Directions for this task: How many of the lines in the material below contain the word "ultimately"? Give the number alone.

_ _ _ _ _ _ _

text \<open>If \<open>X\<^sup>T X = V diag(\<mu>) V\<^sup>T\<close> with \<open>\<mu> > 0\<close>, then \<open>U = X V diag(1/\<surd>\<mu>)\<close> has orthonormal
  columns and \<open>X = U diag(\<surd>\<mu>) V\<^sup>T\<close> is an economic SVD; \<open>|\<surd>\<mu> - 1| \<le> |\<mu> - 1|\<close> then bounds
  the symmetric polar factor.\<close>
lemma polar_decomposition_near_stiefel:
  fixes X :: "real^'p^'n"
  assumes "norm (transpose X ** X - mat 1) < 1"
  obtains P where "transpose (polar_proj X) ** polar_proj X = mat 1" "X = polar_proj X ** P"
    "norm (P - mat 1) \<le> norm (transpose X ** X - mat 1)"
proof -
  define M where "M = transpose X ** X"
  define E where "E = M - mat 1"
  obtain V \<mu> where V: "orthogonal_matrix V" and eig: "M ** V = V ** diagm \<mu>"
    using spectral_theorem[of M] by (auto simp: M_def matrix_transpose_mul)
  have VtV: "transpose V ** V = mat 1" and VVt: "V ** transpose V = mat 1"
    using V by (simp_all add: orthogonal_matrix_def)
  have "transpose V ** M ** V = diagm \<mu>"
    by (simp add: eig flip: matrix_mul_assoc) (simp add: matrix_mul_assoc VtV)
  then have "transpose V ** E ** V = diagm (\<lambda>j. \<mu> j - 1)"
    by (simp add: E_def matrix_mult_algebra VtV) (simp add: diagm_diff flip: diagm_one)
  then have E: "norm (diagm (\<lambda>j. \<mu> j - 1)) = norm E"
    using norm_orthogonal_conj[of "transpose V" E] V by simp
  have \<mu>_near_1: "\<bar>\<mu> j - 1\<bar> \<le> norm E" for j
    using abs_matrix_entry_le_norm[of "diagm (\<lambda>j. \<mu> j - 1)" j j] E by (simp add: diagm_def)
  moreover have "norm E < 1" using assms by (simp add: E_def M_def)
  ultimately have "\<mu> j > 0" for j using \<mu>_near_1[of j] by linarith
  define s where "s j = sqrt (\<mu> j)" for j
  have s_pos: "s j > 0" and s_sq: "s j * s j = \<mu> j" for j
    using \<open>\<mu> j > 0\<close> by (simp_all add: s_def)
  define U where "U = X ** V ** diagm (\<lambda>j. 1 / s j)"
  have "transpose U ** U = diagm (\<lambda>j. 1 / s j) ** (transpose V ** M ** V) ** diagm (\<lambda>j. 1 / s j)"
    by (simp add: U_def M_def matrix_transpose_mul transpose_diagm matrix_mul_assoc)
  also have "\<dots> = mat 1"
    using s_pos s_sq \<open>transpose V ** M ** V = diagm \<mu>\<close> \<open>\<And>j. \<mu> j > 0\<close>
    by (simp add: diagm_mult less_imp_neq[symmetric] flip: diagm_one)
  finally have "transpose U ** U = mat 1" .
  have "U ** diagm s ** transpose V = X ** V ** (diagm (\<lambda>j. 1 / s j) ** diagm s) ** transpose V"
    by (simp add: U_def matrix_mul_assoc)
  also have "\<dots> = X"
    using s_pos by (simp add: diagm_mult less_imp_neq[symmetric] diagm_one) (simp add: VVt flip: matrix_mul_assoc)
  finally have svd: "econ_svd X U (diagm s) V"
    using \<open>transpose U ** U = mat 1\<close> VtV s_pos by (auto simp: econ_svd_def diagm_nth less_imp_le)
  have Q: "polar_proj X = U ** transpose V"
    by (rule polar_proj_eq[OF svd]) (simp add: diagm_nth s_pos)
  have "V ** diagm (\<lambda>j. s j - 1) ** transpose V = V ** diagm s ** transpose V - mat 1"
    by (simp add: matrix_mult_algebra VVt diagm_one flip: diagm_diff)
  then have "norm (V ** diagm s ** transpose V - mat 1) = norm (diagm (\<lambda>j. s j - 1))"
    using norm_orthogonal_conj[OF V, of "diagm (\<lambda>j. s j - 1)"] by simp
  also have "\<dots> \<le> norm (diagm (\<lambda>j. \<mu> j - 1))"
  proof (rule norm_diagm_mono)
    fix j
    have "\<mu> j - 1 = (s j - 1) * (s j + 1)" by (simp add: algebra_simps flip: s_sq)
    then have "\<bar>\<mu> j - 1\<bar> = \<bar>s j - 1\<bar> * (s j + 1)"
      using s_pos[of j] by (simp add: abs_mult)
    then show "\<bar>s j - 1\<bar> \<le> \<bar>\<mu> j - 1\<bar>"
      using s_pos[of j] by (simp add: mult_le_cancel_left1)
  qed
  finally have "norm (V ** diagm s ** transpose V - mat 1) \<le> norm (transpose X ** X - mat 1)"
    by (simp add: E E_def M_def)
  moreover have "transpose (polar_proj X) ** polar_proj X = mat 1"
    using econ_svd_polar_factors(1)[OF svd] by (simp add: Q)
  moreover have "X = polar_proj X ** (V ** diagm s ** transpose V)"
    unfolding Q by (rule econ_svd_polar_factors(2)[OF svd])
  ultimately show ?thesis using that by blast
qed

_ _ _ _ _ _ _

Response: 2